Your task: Scan the records below for the line with "N \<Longrightarrow> 0" and the line with "using Suc incr by auto". Repeat those two lines and every line between them exactly, and nothing else.

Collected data
↓↓↓
(* Let $k\ge 2$, $n = 2k+1$, and let $A=(a_{ij})$ be an $n\times n$ matrix of the following form: $a_{i+1,i}=s$ for $1\le i\le n-1$ and $a_{ij}=0$ for $i>j+1$; $a_{1j}=t$ for $1\le j\le k$, $a_{1j}=0$ for $k+1\le j\le 2k$, $a_{1n}=t$; for $2\le i\le k+1$: $a_{ij}=t$ for $k+1\le j\le 2k$ and $a_{in}=0$; for $k+2\le i\le n$: $a_{in}=t$; and the remaining ("free") entries $a_{ij}$ with $2\le i\le j\le k$ or $k+2\le i\le j\le 2k$ each lie in $\{0,t\}$. If at least one free entry equals $t$, then, viewing $\det A$ as a polynomial in the indeterminates $s$ and $t$, the coefficient of the monomial $s^{n-4}t^4$ in $\det A$ is nonzero.
   Context: Every entry of $A$ is $0$, $s$ or $t$, so $\det A$ is a polynomial in $s,t$ with integer coefficients. *)

theory Defs
  imports "Jordan_Normal_Form.Determinant" "HOL-Computational_Algebra.Polynomial"
begin

text \<open>Bivariate integer polynomials in s and t are represented as int poly poly:
  the outer variable is t, the inner variable (coefficients) is s.\<close>

definition var_s :: "int poly poly" where
  "var_s = [:[:0, 1:]:]"

definition var_t :: "int poly poly" where
  "var_t = [:0, 1:]"

definition coeff_st :: "int poly poly \<Rightarrow> nat \<Rightarrow> nat \<Rightarrow> int" where
  "coeff_st p a b = coeff (coeff p b) a"

definition ent :: "'a mat \<Rightarrow> nat \<Rightarrow> nat \<Rightarrow> 'a" where
  "ent A i j = A $$ (i - 1, j - 1)"

end

theory Submission
  imports Defs
begin

text \<open>With 0-based indices, the matrix \<open>a\<close> is upper Hessenberg with subdiagonal \<open>s\<close>, so its
  leading principal minors satisfy \<open>D m = (\<Sum>r<m. a r (m-1) * (-s)^(m-1-r) * D r)\<close>. All other
  entries on or above the diagonal are \<open>0\<close> or \<open>t\<close>, hence after substituting \<open>s \<mapsto> -s\<close> every
  coefficient of every \<open>D m\<close> is nonnegative. So nothing cancels, and every chain
  \<open>0 = r 0 < r 1 < \<dots> < r l = m\<close> with \<open>a (r i) (r (i+1) - 1) = t\<close> contributes at least \<open>1\<close> to the
  coefficient of \<open>s^(m-l) t^l\<close> in \<open>D m\<close>. A free entry \<open>t\<close> in position \<open>(i, j)\<close> (1-based) lies on
  such a chain of length 4 ending at \<open>n\<close>: through the positions \<open>(1, i-1), (i, j), (j+1, k+1), (k+2, n)\<close>
  if \<open>j \<le> k\<close>, and through \<open>(1, 1), (2, i-1), (i, j), (j+1, n)\<close> otherwise.\<close>

definition principal_mat :: "(nat \<Rightarrow> nat \<Rightarrow> 'a) \<Rightarrow> nat \<Rightarrow> 'a mat" where
  "principal_mat f m = mat m m (\<lambda>(i, j). f i j)"

definition principal_mat_last_col :: "(nat \<Rightarrow> nat \<Rightarrow> 'a) \<Rightarrow> nat \<Rightarrow> (nat \<Rightarrow> 'a) \<Rightarrow> 'a mat" where
  "principal_mat_last_col f m v = mat m m (\<lambda>(i, j). if j = m - 1 then v i else f i j)"

lemma det_principal_mat_0 [simp]: "det (principal_mat f 0) = 1"
  by (simp add: principal_mat_def)

lemma principal_mat_eq_last_col: "principal_mat f m = principal_mat_last_col f m (\<lambda>i. f i (m - 1))"
  unfolding principal_mat_def principal_mat_last_col_def by (rule eq_matI) auto

lemma det_principal_mat_last_col_1: "det (principal_mat_last_col f (Suc 0) v) = v 0"
  by (subst det_single) (auto simp: principal_mat_last_col_def)

lemma det_principal_mat_last_col_Suc:
  fixes f :: "nat \<Rightarrow> nat \<Rightarrow> 'a :: comm_ring_1"
  assumes "f (Suc m) m = c" and "\<And>j. j < m \<Longrightarrow> f (Suc m) j = 0"
  shows "det (principal_mat_last_col f (Suc (Suc m)) v)
    = v (Suc m) * det (principal_mat f (Suc m)) - c * det (principal_mat_last_col f (Suc m) v)"
proof -
  let ?G = "principal_mat_last_col f (Suc (Suc m)) v"
  have "det ?G = (\<Sum>j<Suc (Suc m). ?G $$ (Suc m, j) * cofactor ?G (Suc m) j)"
    by (rule laplace_expansion_row) (auto simp: principal_mat_last_col_def)
  also have "\<dots> = c * cofactor ?G (Suc m) m + v (Suc m) * cofactor ?G (Suc m) (Suc m)"
    using assms by (simp add: principal_mat_last_col_def)
  moreover have "mat_delete ?G (Suc m) (Suc m) = principal_mat f (Suc m)"
    by (rule eq_matI) (auto simp: mat_delete_def principal_mat_last_col_def principal_mat_def)
  moreover have "mat_delete ?G (Suc m) m = principal_mat_last_col f (Suc m) v"
    by (rule eq_matI) (auto simp: mat_delete_def principal_mat_last_col_def)
  ultimately show ?thesis by (simp add: cofactor_def)
qed

lemma det_principal_mat_last_col_hessenberg:
  fixes f :: "nat \<Rightarrow> nat \<Rightarrow> 'a :: comm_ring_1"
  assumes subdiag: "\<And>i. Suc i < m \<Longrightarrow> f (Suc i) i = c"
    and lower: "\<And>i j. Suc j < i \<Longrightarrow> i < m \<Longrightarrow> f i j = 0"
    and "1 \<le> m"
  shows "det (principal_mat_last_col f m v)
    = (\<Sum>r<m. v r * ((- c) ^ (m - 1 - r) * det (principal_mat f r)))"
proof -
  have "det (principal_mat_last_col f (Suc p) v)
      = (\<Sum>r<Suc p. v r * ((- c) ^ (p - r) * det (principal_mat f r)))" if "Suc p \<le> m" for p
    using that
  proof (induction p)
    case 0
    show ?case by (simp add: det_principal_mat_last_col_1)
  next
    case (Suc p)
    have "det (principal_mat_last_col f (Suc (Suc p)) v)
        = v (Suc p) * det (principal_mat f (Suc p)) - c * det (principal_mat_last_col f (Suc p) v)"
      using Suc.prems by (intro det_principal_mat_last_col_Suc subdiag lower) auto
    also have "\<dots> = v (Suc p) * det (principal_mat f (Suc p))
        + (- c) * (\<Sum>r<Suc p. v r * ((- c) ^ (p - r) * det (principal_mat f r)))"
      using Suc by simp
    also have "(- c) * (\<Sum>r<Suc p. v r * ((- c) ^ (p - r) * det (principal_mat f r)))
        = (\<Sum>r<Suc p. v r * ((- c) ^ (Suc p - r) * det (principal_mat f r)))"
      unfolding sum_distrib_left
      by (intro sum.cong refl) (simp add: Suc_diff_le less_Suc_eq_le algebra_simps)
    finally show ?case by simp
  qed
  from this[of "m - 1"] show ?thesis using \<open>1 \<le> m\<close> by simp
qed

lemma det_principal_mat_hessenberg:
  fixes f :: "nat \<Rightarrow> nat \<Rightarrow> 'a :: comm_ring_1"
  assumes "\<And>i. Suc i < m \<Longrightarrow> f (Suc i) i = c"
    and "\<And>i j. Suc j < i \<Longrightarrow> i < m \<Longrightarrow> f i j = 0"
    and "1 \<le> m"
  shows "det (principal_mat f m)
    = (\<Sum>r<m. f r (m - 1) * ((- c) ^ (m - 1 - r) * det (principal_mat f r)))"
  unfolding principal_mat_eq_last_col[of f m]
  by (rule det_principal_mat_last_col_hessenberg) (use assms in auto)

text \<open>The coefficient of \<open>s\<^sup>x t\<^sup>y\<close> after the substitution \<open>s \<mapsto> -s\<close>.\<close>
definition alt_coeff :: "int poly poly \<Rightarrow> nat \<Rightarrow> nat \<Rightarrow> int" where
  "alt_coeff p x y = (-1) ^ x * coeff_st p x y"

lemma alt_coeff_0 [simp]: "alt_coeff 0 x y = 0"
  by (simp add: alt_coeff_def coeff_st_def)

lemma alt_coeff_1: "alt_coeff 1 x y = (if x = 0 \<and> y = 0 then 1 else 0)"
  by (simp add: alt_coeff_def coeff_st_def coeff_1)

lemma alt_coeff_sum: "alt_coeff (\<Sum>a\<in>A. p a) x y = (\<Sum>a\<in>A. alt_coeff (p a) x y)"
  by (simp add: alt_coeff_def coeff_st_def coeff_sum sum_distrib_left)

lemma alt_coeff_var_t_mult:
  "alt_coeff (var_t * p) x y = (if y = 0 then 0 else alt_coeff p x (y - 1))"
  by (cases y) (simp_all add: alt_coeff_def coeff_st_def var_t_def)

lemma alt_coeff_neg_var_s_mult:
  "alt_coeff ((- var_s) * p) x y = (if x = 0 then 0 else alt_coeff p (x - 1) y)"
proof -
  have "(- var_s) * p = smult [:0, -1:] p" by (simp add: var_s_def)
  then show ?thesis by (cases x) (simp_all add: alt_coeff_def coeff_st_def coeff_pCons)
qed

lemma alt_coeff_neg_var_s_power_mult:
  "alt_coeff ((- var_s) ^ d * p) x y = (if d \<le> x then alt_coeff p (x - d) y else 0)"
proof (induction d arbitrary: x)
  case (Suc d)
  have power_Suc_mult: "(- var_s) ^ Suc d * p = (- var_s) * ((- var_s) ^ d * p)" by simp
  show ?case unfolding power_Suc_mult alt_coeff_neg_var_s_mult using Suc by auto
qed simp

locale st_hessenberg =
  fixes f :: "nat \<Rightarrow> nat \<Rightarrow> int poly poly" and N :: nat
  assumes subdiag: "\<And>i. Suc i < N \<Longrightarrow> f (Suc i) i = var_s"
    and lower: "\<And>i j. Suc j < i \<Longrightarrow> i < N \<Longrightarrow> f i j = 0"
    and upper: "\<And>i j. i \<le> j \<Longrightarrow> j < N \<Longrightarrow> f i j \<in> {0, var_t}"
begin

abbreviation D :: "nat \<Rightarrow> int poly poly" where
  "D m \<equiv> det (principal_mat f m)"

lemma det_principal_expansion:
  "1 \<le> m \<Longrightarrow> m \<le> N \<Longrightarrow> D m = (\<Sum>r<m. f r (m - 1) * ((- var_s) ^ (m - 1 - r) * D r))"
  by (rule det_principal_mat_hessenberg) (auto intro: subdiag lower)

lemma alt_coeff_expansion_term_nonneg:
  assumes "r < m" "m \<le> N" "\<And>x y. 0 \<le> alt_coeff (D r) x y"
  shows "0 \<le> alt_coeff (f r (m - 1) * ((- var_s) ^ (m - 1 - r) * D r)) x y"
proof -
  have "f r (m - 1) \<in> {0, var_t}"
    using assms by (intro upper) auto
  then show ?thesis
    using assms(3) by (auto simp: alt_coeff_var_t_mult alt_coeff_neg_var_s_power_mult)
qed

lemma alt_coeff_det_principal_nonneg: "m \<le> N \<Longrightarrow> 0 \<le> alt_coeff (D m) x y"
proof (induction m arbitrary: x y rule: less_induct)
  case (less m)
  show ?case
  proof (cases "m = 0")
    case True
    then show ?thesis by (simp add: alt_coeff_1)
  next
    case False
    have "0 \<le> alt_coeff (f r (m - 1) * ((- var_s) ^ (m - 1 - r) * D r)) x y" if "r < m" for r
      using that less by (intro alt_coeff_expansion_term_nonneg) auto
    then show ?thesis
      using False less.prems by (auto simp: det_principal_expansion alt_coeff_sum intro!: sum_nonneg)
  qed
qed

lemma alt_coeff_det_principal_step:
  assumes "r < m" "m \<le> N" "f r (m - 1) = var_t"
  shows "alt_coeff (D r) x y \<le> alt_coeff (D m) (x + (m - 1 - r)) (Suc y)"
proof -
  let ?term = "\<lambda>r. f r (m - 1) * ((- var_s) ^ (m - 1 - r) * D r)"
  have "alt_coeff (D r) x y = alt_coeff (?term r) (x + (m - 1 - r)) (Suc y)"
    using assms by (simp add: alt_coeff_var_t_mult alt_coeff_neg_var_s_power_mult)
  also have "\<dots> \<le> (\<Sum>r'<m. alt_coeff (?term r') (x + (m - 1 - r)) (Suc y))"
    using assms alt_coeff_expansion_term_nonneg alt_coeff_det_principal_nonneg
    by (intro member_le_sum) auto
  also have "\<dots> = alt_coeff (D m) (x + (m - 1 - r)) (Suc y)"
    using assms by (simp add: det_principal_expansion alt_coeff_sum)
  finally show ?thesis .
qed

lemma alt_coeff_det_principal_chain:
  assumes "r 0 = 0" and "r l \<le> N"
    and "\<And>i. i < l \<Longrightarrow> r i < r (Suc i)"
    and "\<And>i. i < l \<Longrightarrow> f (r i) (r (Suc i) - 1) = var_t"
  shows "1 \<le> alt_coeff (D (r l)) (r l - l) l"
proof -
  have "l \<le> r l \<and> 1 \<le> alt_coeff (D (r l)) (r l - l) l"
    using assms(2-4)
  proof (induction l)
    case 0
    then show ?case using \<open>r 0 = 0\<close> by (simp add: alt_coeff_1)
  next
    case (Suc l)
    have incr: "r l < r (Suc l)"
      using Suc.prems by simp
    have IH: "l \<le> r l" "1 \<le> alt_coeff (D (r l)) (r l - l) l"
      using Suc incr by auto
    with incr have x_shift: "r (Suc l) - Suc l = (r l - l) + (r (Suc l) - 1 - r l)"
      by simp
    show ?case
    proof
      show "Suc l \<le> r (Suc l)"
        using IH(1) incr by simp
      have "alt_coeff (D (r l)) (r l - l) l
          \<le> alt_coeff (D (r (Suc l))) (r l - l + (r (Suc l) - 1 - r l)) (Suc l)"
        using incr Suc.prems by (intro alt_coeff_det_principal_step) auto
      with IH(2) show "1 \<le> alt_coeff (D (r (Suc l))) (r (Suc l) - Suc l) (Suc l)"
        unfolding x_shift by (rule order_trans)
    qed
  qed
  then show ?thesis ..
qed

end

theorem proposition5p8:
  fixes k n :: nat and A :: "int poly poly mat"
  assumes k2: "k \<ge> 2"
    and n_def: "n = 2 * k + 1"
    and dim: "A \<in> carrier_mat n n"
    and subdiag: "\<forall>i. 1 \<le> i \<and> i \<le> n - 1 \<longrightarrow> ent A (i + 1) i = var_s"
    and lower: "\<forall>i j. 1 \<le> j \<and> j + 1 < i \<and> i \<le> n \<longrightarrow> ent A i j = 0"
    and row1a: "\<forall>j. 1 \<le> j \<and> j \<le> k \<longrightarrow> ent A 1 j = var_t"
    and row1b: "\<forall>j. k + 1 \<le> j \<and> j \<le> 2 * k \<longrightarrow> ent A 1 j = 0"
    and row1c: "ent A 1 n = var_t"
    and top_t: "\<forall>i j. 2 \<le> i \<and> i \<le> k + 1 \<and> k + 1 \<le> j \<and> j \<le> 2 * k \<longrightarrow> ent A i j = var_t"
    and top_n: "\<forall>i. 2 \<le> i \<and> i \<le> k + 1 \<longrightarrow> ent A i n = 0"
    and bot_n: "\<forall>i. k + 2 \<le> i \<and> i \<le> n \<longrightarrow> ent A i n = var_t"
    and free: "\<forall>i j. ((2 \<le> i \<and> i \<le> j \<and> j \<le> k) \<or> (k + 2 \<le> i \<and> i \<le> j \<and> j \<le> 2 * k))
                 \<longrightarrow> ent A i j \<in> {0, var_t}"
    and some_t: "\<exists>i j. ((2 \<le> i \<and> i \<le> j \<and> j \<le> k) \<or> (k + 2 \<le> i \<and> i \<le> j \<and> j \<le> 2 * k))
                 \<and> ent A i j = var_t"
  shows "coeff_st (det A) (n - 4) 4 \<noteq> 0"
proof -
  define f where "f i j = ent A (Suc i) (Suc j)" for i j
  interpret st_hessenberg f n
  proof
    show "f (Suc i) i = var_s" if "Suc i < n" for i
      using that subdiag by (simp add: f_def)
    show "f i j = 0" if "Suc j < i" "i < n" for i j
      using that lower by (simp add: f_def)
    show "f i j \<in> {0, var_t}" if "i \<le> j" "j < n" for i j
      using that n_def row1a row1b row1c top_t top_n bot_n free unfolding f_def
      by (cases "i = 0"; cases "i \<le> k"; cases "j < k"; cases "Suc j = n") auto
  qed
  have "A = principal_mat f n"
    using dim by (intro eq_matI) (auto simp: principal_mat_def f_def ent_def)
  moreover obtain i j where t_entry: "ent A i j = var_t"
    and ij: "(2 \<le> i \<and> i \<le> j \<and> j \<le> k) \<or> (k + 2 \<le> i \<and> i \<le> j \<and> j \<le> 2 * k)"
    using some_t by blast
  have "1 \<le> alt_coeff (D n) (n - 4) 4"
    using ij
  proof
    assume ij: "2 \<le> i \<and> i \<le> j \<and> j \<le> k"
    let ?r = "\<lambda>l. [0, i - 1, j, k + 1, n] ! l"
    have "ent A 1 (i - 1) = var_t"
      using ij by (intro row1a[rule_format]) auto
    then have "f 0 (i - 2) = var_t" "f (i - 1) (j - 1) = var_t" "f j k = var_t"
      "f (k + 1) (n - 1) = var_t"
      using ij t_entry top_t[rule_format, of "j + 1" "k + 1"] bot_n[rule_format, of "k + 2"] n_def
      by (auto simp: f_def Suc_diff_Suc numeral_2_eq_2)
    then have "1 \<le> alt_coeff (D (?r 4)) (?r 4 - 4) 4"
      using ij n_def
      by (intro alt_coeff_det_principal_chain) (auto simp: less_Suc_eq numeral_eq_Suc)
    then show ?thesis by simp
  next
    assume ij: "k + 2 \<le> i \<and> i \<le> j \<and> j \<le> 2 * k"
    let ?r = "\<lambda>l. [0, 1, i - 1, j, n] ! l"
    have "ent A 2 (i - 1) = var_t"
      using ij by (intro top_t[rule_format]) auto
    then have "f 0 0 = var_t" "f 1 (i - 2) = var_t" "f (i - 1) (j - 1) = var_t"
      "f j (n - 1) = var_t"
      using ij k2 t_entry row1a[rule_format, of 1] bot_n[rule_format, of "j + 1"] n_def
      by (auto simp: f_def Suc_diff_Suc numeral_2_eq_2)
    then have "1 \<le> alt_coeff (D (?r 4)) (?r 4 - 4) 4"
      using ij n_def
      by (intro alt_coeff_det_principal_chain) (auto simp: less_Suc_eq numeral_eq_Suc)
    then show ?thesis by simp
  qed
  ultimately show ?thesis by (auto simp: alt_coeff_def)
qed

end
(* Let $(X,d)$ be a complete metric space and $T\colon X\to X$ a mapping for which there exists $k<\kappa(X)$ such that for all $(x,y)\in X\times X$ with $D(x,o(y))\le D(x,o(x))$ and all $n\in\mathbb N$, $$\lim_{m\to\infty} D(T^nx,o(T^my))\le k\,D(x,o(y)).$$ Then either all the orbits are unbounded or there exists $x\in X$ with $Tx=x$.
   Context: The orbit of $x$ under $T$ is $o(x)=\{x\}\cup\{T^nx:n\in\mathbb N\}$; for nonempty $C\subseteq X$, $D(x,C)=\sup\{d(x,y):y\in C\}$. $B(x,r)$ denotes the closed ball. For $c\ge1$, balls in $X$ are $c$-regular if for every $k'<c$ there are $\mu,\alpha\in(0,1)$ such that for all $x,y\in X$ and $r>0$ with $d(x,y)\ge(1-\mu)r$ there exists $z\in X$ with $B(x,(1+\mu)r)\cap B(y,k'(1+\mu)r)\subseteq B(z,\alpha r)$. The Lifschitz characteristic is $\kappa(X)=\sup\{c\ge1:\text{balls in }X\text{ are }c\text{-regular}\}$. *)

theory Defs
  imports "HOL-Analysis.Analysis" "HOL-Library.Extended_Real"
begin

definition orbit :: "('a \<Rightarrow> 'a) \<Rightarrow> 'a \<Rightarrow> 'a set" where
  "orbit T x = {x} \<union> {(T ^^ n) x | n. n \<ge> 1}"

definition Dsup :: "'a::metric_space \<Rightarrow> 'a set \<Rightarrow> ereal" where
  "Dsup x C = (SUP y\<in>C. ereal (dist x y))"

definition balls_regular :: "'a::metric_space itself \<Rightarrow> real \<Rightarrow> bool" where
  "balls_regular _ c \<longleftrightarrow>
     (\<forall>k'. k' < c \<longrightarrow>
        (\<exists>\<mu> \<alpha>. 0 < \<mu> \<and> \<mu> < 1 \<and> 0 < \<alpha> \<and> \<alpha> < 1 \<and>
          (\<forall>(x::'a) y r. r > 0 \<and> dist x y \<ge> (1 - \<mu>) * r \<longrightarrow>
             (\<exists>z. cball x ((1 + \<mu>) * r) \<inter> cball y (k' * (1 + \<mu>) * r) \<subseteq> cball z (\<alpha> * r)))))"

definition lifschitz_char :: "'a::metric_space itself \<Rightarrow> ereal" where
  "lifschitz_char A = Sup {ereal c | c. c \<ge> 1 \<and> balls_regular A c}"

end

(* Fix k' strictly between max k 0 and the Lifschitz characteristic, together with the constants
   mu, alpha of the regularity of balls.  For a point y with bounded orbit let r(y) be the
   asymptotic radius of its orbit: the infimum of the t such that the tail of the orbit eventually
   lies in a ball of radius t.  If r(y) = 0 the orbit is Cauchy and its limit is fixed.  Otherwise
   regularity shows that a near-optimal centre z of the tail has its whole orbit within about r(y)
   of z, while r(y) is at most max alpha (1 - mu) times the radius of any ball around y containing
   the orbit of y.  Iterating yields centres whose orbit radii shrink geometrically; they converge
   to a point p around which orbits of arbitrarily small radius crowd, and p is fixed. *)

theory Submission
  imports Defs
begin
(* If $m,n\in\mathbb{Z}$ with $\gcd(m,n)=1$ (and $mn(m+n)\ne0$), then $A(m,n)=7^a(14b+1)$ for some integers $a,b\ge 0$, and every prime factor of $14b+1$ is congruent to $1 \pmod 7$. Moreover, for every prime $p\equiv 1\pmod 7$ there are infinitely many values $c=-\frac{A(m,n)}{B(m,n)}$ (with $\gcd(m,n)=1$, $mn(m+n)\neq0$) such that $p\mid A(m,n)$; for each of these $f_c(x)=x^2+c$ has a rational $3$-cycle.
   Context: $A(m,n)=m^6+2m^5n+4m^4n^2+8m^3n^3+9m^2n^4+4mn^5+n^6$, $B(m,n)=4m^2n^2(m+n)^2$. Standing fact: $f_c(x)=x^2+c$ ($c\in\mathbb{Q}$) has a rational $3$-cycle (orbit of a rational point of minimal period 3) if and only if $c=-A(m,n)/B(m,n)$ for some coprime integers $m,n$ with $mn(m+n)\neq 0$, and this fraction is then in lowest terms. *)

theory Defs
  imports Complex_Main "HOL-Computational_Algebra.Primes"
begin

definition A :: "int \<Rightarrow> int \<Rightarrow> int" where
  "A m n = m^6 + 2*m^5*n + 4*m^4*n^2 + 8*m^3*n^3 + 9*m^2*n^4 + 4*m*n^5 + n^6"

definition B :: "int \<Rightarrow> int \<Rightarrow> int" where
  "B m n = 4*m^2*n^2*(m+n)^2"

definition fc :: "rat \<Rightarrow> rat \<Rightarrow> rat" where
  "fc c x = x^2 + c"

definition has_rational_3cycle :: "rat \<Rightarrow> bool" where
  "has_rational_3cycle c \<longleftrightarrow> (\<exists>x::rat. (fc c ^^ 3) x = x \<and> fc c x \<noteq> x)"

end

theory Submission
  imports Defs "HOL-Number_Theory.Number_Theory"
begin

(* A(m,n) is odd and positive, and it divides the seventh cyclotomic form
   (u^7 - v^7)/(u - v) at u = 3n^4 + 6mn^3 + 3m^2n^2 + m^3n + m^4, v = 2n^4. A prime
   q \<noteq> 7 dividing that form but not v makes u/v an element of order 7 modulo q, so
   q = 1 (mod 7); the cofactor of the 7-power in A(m,n) is then 1 mod 7 and odd, i.e.
   1 mod 14. Conversely, if p = 1 (mod 7) and w has order 7 modulo p, then p divides
   A(w + w^4, 1) and hence A(m, 1) for every m = w + w^4 (mod p); since
   A(m,1)/B(m,1) \<ge> m/16 these parameters give arbitrarily negative values of c. The
   3-cycle is explicit: its points are N_i / (2mn(m+n)) with cubic numerators N_i. *)

lemma fermat_theorem_int:
  fixes q x :: int
  assumes "prime q" and "\<not> q dvd x"
  shows "[x ^ (nat q - 1) = 1] (mod q)"
proof -
  define a where "a = nat (x mod q)"
  have q: "q = int (nat q)"
    using prime_gt_0_int[OF assms(1)] by simp
  have "prime (nat q)"
    using assms(1) q by (metis prime_int_nat_transfer)
  have a: "int a = x mod q"
    using prime_gt_0_int[OF assms(1)] unfolding a_def by simp
  have "\<not> q dvd int a"
    using assms(2) a by (simp add: dvd_mod_iff)
  then have "\<not> nat q dvd a"
    using q by (metis of_nat_dvd_iff)
  then have "[a ^ (nat q - 1) = 1] (mod nat q)"
    using fermat_theorem \<open>prime (nat q)\<close> by blast
  then have "[int a ^ (nat q - 1) = 1] (mod q)"
    using q cong_int_iff by (metis of_nat_1 of_nat_power)
  moreover have "[x = int a] (mod q)"
    using a by (simp add: cong_def)
  then have "[x ^ (nat q - 1) = int a ^ (nat q - 1)] (mod q)"
    by (rule cong_pow)
  ultimately show ?thesis
    using cong_trans by blast
qed

(* If l does not divide q - 1, pick l s = 1 (mod q - 1); by Fermat z^(l s) = z modulo q,
   so z \<mapsto> z^l is injective modulo q. *)
lemma prime_mod_eq_1_if_power_cong:
  fixes q x y :: int and l :: nat
  assumes q: "prime q" and l: "prime l"
    and pow: "[x ^ l = y ^ l] (mod q)" and ne: "\<not> [x = y] (mod q)" and y: "\<not> q dvd y"
  shows "q mod int l = 1"
proof (rule ccontr)
  assume "q mod int l \<noteq> 1"
  moreover have "q - 1 = int (nat q - 1)"
    using prime_ge_2_int[OF q] by simp
  ultimately have "\<not> l dvd nat q - 1"
    using l prime_gt_1_nat
    by (metis mod_eq_dvd_iff mod_less of_nat_dvd_iff of_nat_1 zmod_int)
  then have "coprime l (nat q - 1)"
    using l prime_imp_coprime by blast
  then obtain s j where sj: "l * s = (nat q - 1) * j + 1"
    using bezout_nat[of l "nat q - 1"] l prime_gt_0_nat by auto
  have x: "\<not> q dvd x"
  proof
    assume "q dvd x"
    then have "q dvd x ^ l"
      using l by (metis dvd_power dvd_trans prime_gt_0_nat)
    then have "q dvd y ^ l"
      using pow cong_dvd_iff by blast
    then show False
      using y q prime_dvd_power by blast
  qed
  have reduce: "[z ^ (l * s) = z] (mod q)" if "\<not> q dvd z" for z
  proof -
    have "[(z ^ (nat q - 1)) ^ j * z = 1 ^ j * z] (mod q)"
      using fermat_theorem_int[OF q that] by (intro cong_mult cong_pow cong_refl)
    moreover have "z ^ (l * s) = (z ^ (nat q - 1)) ^ j * z"
      by (simp add: sj power_add power_mult)
    ultimately show ?thesis
      by simp
  qed
  have "[(x ^ l) ^ s = (y ^ l) ^ s] (mod q)"
    using pow by (rule cong_pow)
  then have "[x = y] (mod q)"
    using reduce[OF x] reduce[OF y] by (metis cong_sym cong_trans power_mult)
  with ne show False ..
qed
↑↑↑
Answer to this exercise:
lemma alt_coeff_det_principal_nonneg: "m \<le> N \<Longrightarrow> 0 \<le> alt_coeff (D m) x y"
proof (induction m arbitrary: x y rule: less_induct)
  case (less m)
  show ?case
  proof (cases "m = 0")
    case True
    then show ?thesis by (simp add: alt_coeff_1)
  next
    case False
    have "0 \<le> alt_coeff (f r (m - 1) * ((- var_s) ^ (m - 1 - r) * D r)) x y" if "r < m" for r
      using that less by (intro alt_coeff_expansion_term_nonneg) auto
    then show ?thesis
      using False less.prems by (auto simp: det_principal_expansion alt_coeff_sum intro!: sum_nonneg)
  qed
qed

lemma alt_coeff_det_principal_step:
  assumes "r < m" "m \<le> N" "f r (m - 1) = var_t"
  shows "alt_coeff (D r) x y \<le> alt_coeff (D m) (x + (m - 1 - r)) (Suc y)"
proof -
  let ?term = "\<lambda>r. f r (m - 1) * ((- var_s) ^ (m - 1 - r) * D r)"
  have "alt_coeff (D r) x y = alt_coeff (?term r) (x + (m - 1 - r)) (Suc y)"
    using assms by (simp add: alt_coeff_var_t_mult alt_coeff_neg_var_s_power_mult)
  also have "\<dots> \<le> (\<Sum>r'<m. alt_coeff (?term r') (x + (m - 1 - r)) (Suc y))"
    using assms alt_coeff_expansion_term_nonneg alt_coeff_det_principal_nonneg
    by (intro member_le_sum) auto
  also have "\<dots> = alt_coeff (D m) (x + (m - 1 - r)) (Suc y)"
    using assms by (simp add: det_principal_expansion alt_coeff_sum)
  finally show ?thesis .
qed

lemma alt_coeff_det_principal_chain:
  assumes "r 0 = 0" and "r l \<le> N"
    and "\<And>i. i < l \<Longrightarrow> r i < r (Suc i)"
    and "\<And>i. i < l \<Longrightarrow> f (r i) (r (Suc i) - 1) = var_t"
  shows "1 \<le> alt_coeff (D (r l)) (r l - l) l"
proof -
  have "l \<le> r l \<and> 1 \<le> alt_coeff (D (r l)) (r l - l) l"
    using assms(2-4)
  proof (induction l)
    case 0
    then show ?case using \<open>r 0 = 0\<close> by (simp add: alt_coeff_1)
  next
    case (Suc l)
    have incr: "r l < r (Suc l)"
      using Suc.prems by simp
    have IH: "l \<le> r l" "1 \<le> alt_coeff (D (r l)) (r l - l) l"
      using Suc incr by auto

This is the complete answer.